Task description:
Give the entries again, exactly as they stand.

### Raw data ###

(* Let $S$ be an idempotent $\omega$-continuous semiring, $\mathcal X$ a finite set of variables, and $\vec x=\vec p=\vec f\oplus\vec a$ a system of polynomial equations, where $\vec a\in S^{\mathcal X}$ is the vector of constant parts and $\vec f=(f_x)_{x\in\mathcal X}$ consists of polynomials in which every monomial contains at least one variable. Let $\mu\vec p$ be the least solution of $\vec x=\vec p$. Let $M^{(0)}=\widehat{\vec f}$, $M^{(n+1)}=\mathrm{eval}_{M^{(n)}}(M^{(n)})$, and for $\vec b\in S^{\mathcal X}$ let $M^{(n)}_{\vec b}=\mathrm{eval}_{\vec b}(M^{(n)})$. Then: (1) for all $n\in\mathbb N$, $M^{(n)}_{\vec a}=N^{(2^n)}$; (2) if $\vec a\le\vec b\le\mu\vec p$, then $\sup_{n\in\mathbb N}M^{(n)}_{\vec b}=\mu\vec p$.
   Context: Semiring notions: a semiring $(S,\oplus,\odot,0,1)$; natural order $a\le a\oplus b$ (componentwise on vectors); $\omega$-continuous: naturally ordered, chains have suprema, countable sums $\bigoplus_i a_i:=\sup_i(a_0\oplus\dots\oplus a_i)$ commute with $\odot$ on both sides and are invariant under partitioning; idempotent: $a\oplus a=a$. Monomials are words $a_1x_{i_1}\cdots a_lx_{i_l}a_{l+1}$ ($a_j\in S$, $x_{i_j}\in\mathcal X$), polynomials finite sums of monomials, interpreted as functions $S^{\mathcal X}\to S$; functions and vectors of functions form semirings with pointwise operations. $\mathrm{eval}_{\vec v}(g)$ is the composition $g\circ\vec v$ (or the value $g(\vec v)$ if $\vec v$ is a vector of constants), applied componentwise to vectors. A solution is $\vec v\in S^{\mathcal X}$ with $\vec v=\mathrm{eval}_{\vec v}(\vec p)$. Linear completion: a substitution $\{x\mapsto g\}$ applied to a polynomial $h$ yields the set $h\{x\mapsto g\}$ of polynomials obtained by replacing exactly one occurrence of $x$ in $h$ by $g$. Linear polynomial substitutions for $x$ are $\{x\mapsto x\}$ or $\{x\mapsto g\}$ with $g\in f_x\sigma_y$ for some variable $y$ and some linear polynomial substitution $\sigma_y$ for $y$ (mutual induction). $\widehat{\vec f}$ has components $\widehat{f_x}=\bigoplus_{\sigma_x}x\sigma_x$ where $x\{x\mapsto g\}=g$, summing over all linear polynomial substitutions for $x$. Newton iteration: for a polynomial $q$, a variable $y$ and $\vec v\in S^{\mathcal X}$, the differential $D_y q|_{\vec v}$ is defined by: $D_y(\bigoplus_i m_i)|_{\vec v}=\bigoplus_i D_y m_i|_{\vec v}$; $D_y(g\odot h)|_{\vec v}=(D_y g|_{\vec v}\odot\mathrm{eval}_{\vec v}(h))\oplus(\mathrm{eval}_{\vec v}(g)\odot D_y h|_{\vec v})$; $D_y q|_{\vec v}=0$ if $q\in S$ or $q$ is a variable other than $y$; $D_y y|_{\vec v}=y$. Further $Dq|_{\vec v}=\bigoplus_{y\in\mathcal X}D_yq|_{\vec v}$, componentwise on vectors, and $D\vec p|_{\vec v}^{*}=\bigoplus_{i\in\mathbb N}(D\vec p|_{\vec v})^i$ with $(D\vec p|_{\vec v})^0=\mathrm{id}$ and $(D\vec p|_{\vec v})^{i+1}=\mathrm{eval}_{(D\vec p|_{\vec v})^i}(D\vec p|_{\vec v})$. The Newton sequence is $N^{(0)}=\mathrm{eval}_{\vec 0}(\vec p)$, $N^{(n+1)}=\mathrm{eval}_{N^{(n)}}\big(D\vec p|_{N^{(n)}}^{*}\big)$. *)

theory Defs
  imports Main
begin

###

Exercise output:
(* Let $S$ be an idempotent $\omega$-continuous semiring, $\mathcal X$ a finite set of variables, and $\vec x=\vec p=\vec f\oplus\vec a$ a system of polynomial equations, where $\vec a\in S^{\mathcal X}$ is the vector of constant parts and $\vec f=(f_x)_{x\in\mathcal X}$ consists of polynomials in which every monomial contains at least one variable. Let $\mu\vec p$ be the least solution of $\vec x=\vec p$. Let $M^{(0)}=\widehat{\vec f}$, $M^{(n+1)}=\mathrm{eval}_{M^{(n)}}(M^{(n)})$, and for $\vec b\in S^{\mathcal X}$ let $M^{(n)}_{\vec b}=\mathrm{eval}_{\vec b}(M^{(n)})$. Then: (1) for all $n\in\mathbb N$, $M^{(n)}_{\vec a}=N^{(2^n)}$; (2) if $\vec a\le\vec b\le\mu\vec p$, then $\sup_{n\in\mathbb N}M^{(n)}_{\vec b}=\mu\vec p$.
   Context: Semiring notions: a semiring $(S,\oplus,\odot,0,1)$; natural order $a\le a\oplus b$ (componentwise on vectors); $\omega$-continuous: naturally ordered, chains have suprema, countable sums $\bigoplus_i a_i:=\sup_i(a_0\oplus\dots\oplus a_i)$ commute with $\odot$ on both sides and are invariant under partitioning; idempotent: $a\oplus a=a$. Monomials are words $a_1x_{i_1}\cdots a_lx_{i_l}a_{l+1}$ ($a_j\in S$, $x_{i_j}\in\mathcal X$), polynomials finite sums of monomials, interpreted as functions $S^{\mathcal X}\to S$; functions and vectors of functions form semirings with pointwise operations. $\mathrm{eval}_{\vec v}(g)$ is the composition $g\circ\vec v$ (or the value $g(\vec v)$ if $\vec v$ is a vector of constants), applied componentwise to vectors. A solution is $\vec v\in S^{\mathcal X}$ with $\vec v=\mathrm{eval}_{\vec v}(\vec p)$. Linear completion: a substitution $\{x\mapsto g\}$ applied to a polynomial $h$ yields the set $h\{x\mapsto g\}$ of polynomials obtained by replacing exactly one occurrence of $x$ in $h$ by $g$. Linear polynomial substitutions for $x$ are $\{x\mapsto x\}$ or $\{x\mapsto g\}$ with $g\in f_x\sigma_y$ for some variable $y$ and some linear polynomial substitution $\sigma_y$ for $y$ (mutual induction). $\widehat{\vec f}$ has components $\widehat{f_x}=\bigoplus_{\sigma_x}x\sigma_x$ where $x\{x\mapsto g\}=g$, summing over all linear polynomial substitutions for $x$. Newton iteration: for a polynomial $q$, a variable $y$ and $\vec v\in S^{\mathcal X}$, the differential $D_y q|_{\vec v}$ is defined by: $D_y(\bigoplus_i m_i)|_{\vec v}=\bigoplus_i D_y m_i|_{\vec v}$; $D_y(g\odot h)|_{\vec v}=(D_y g|_{\vec v}\odot\mathrm{eval}_{\vec v}(h))\oplus(\mathrm{eval}_{\vec v}(g)\odot D_y h|_{\vec v})$; $D_y q|_{\vec v}=0$ if $q\in S$ or $q$ is a variable other than $y$; $D_y y|_{\vec v}=y$. Further $Dq|_{\vec v}=\bigoplus_{y\in\mathcal X}D_yq|_{\vec v}$, componentwise on vectors, and $D\vec p|_{\vec v}^{*}=\bigoplus_{i\in\mathbb N}(D\vec p|_{\vec v})^i$ with $(D\vec p|_{\vec v})^0=\mathrm{id}$ and $(D\vec p|_{\vec v})^{i+1}=\mathrm{eval}_{(D\vec p|_{\vec v})^i}(D\vec p|_{\vec v})$. The Newton sequence is $N^{(0)}=\mathrm{eval}_{\vec 0}(\vec p)$, $N^{(n+1)}=\mathrm{eval}_{N^{(n)}}\big(D\vec p|_{N^{(n)}}^{*}\big)$. *)

theory Defs
  imports Main
begin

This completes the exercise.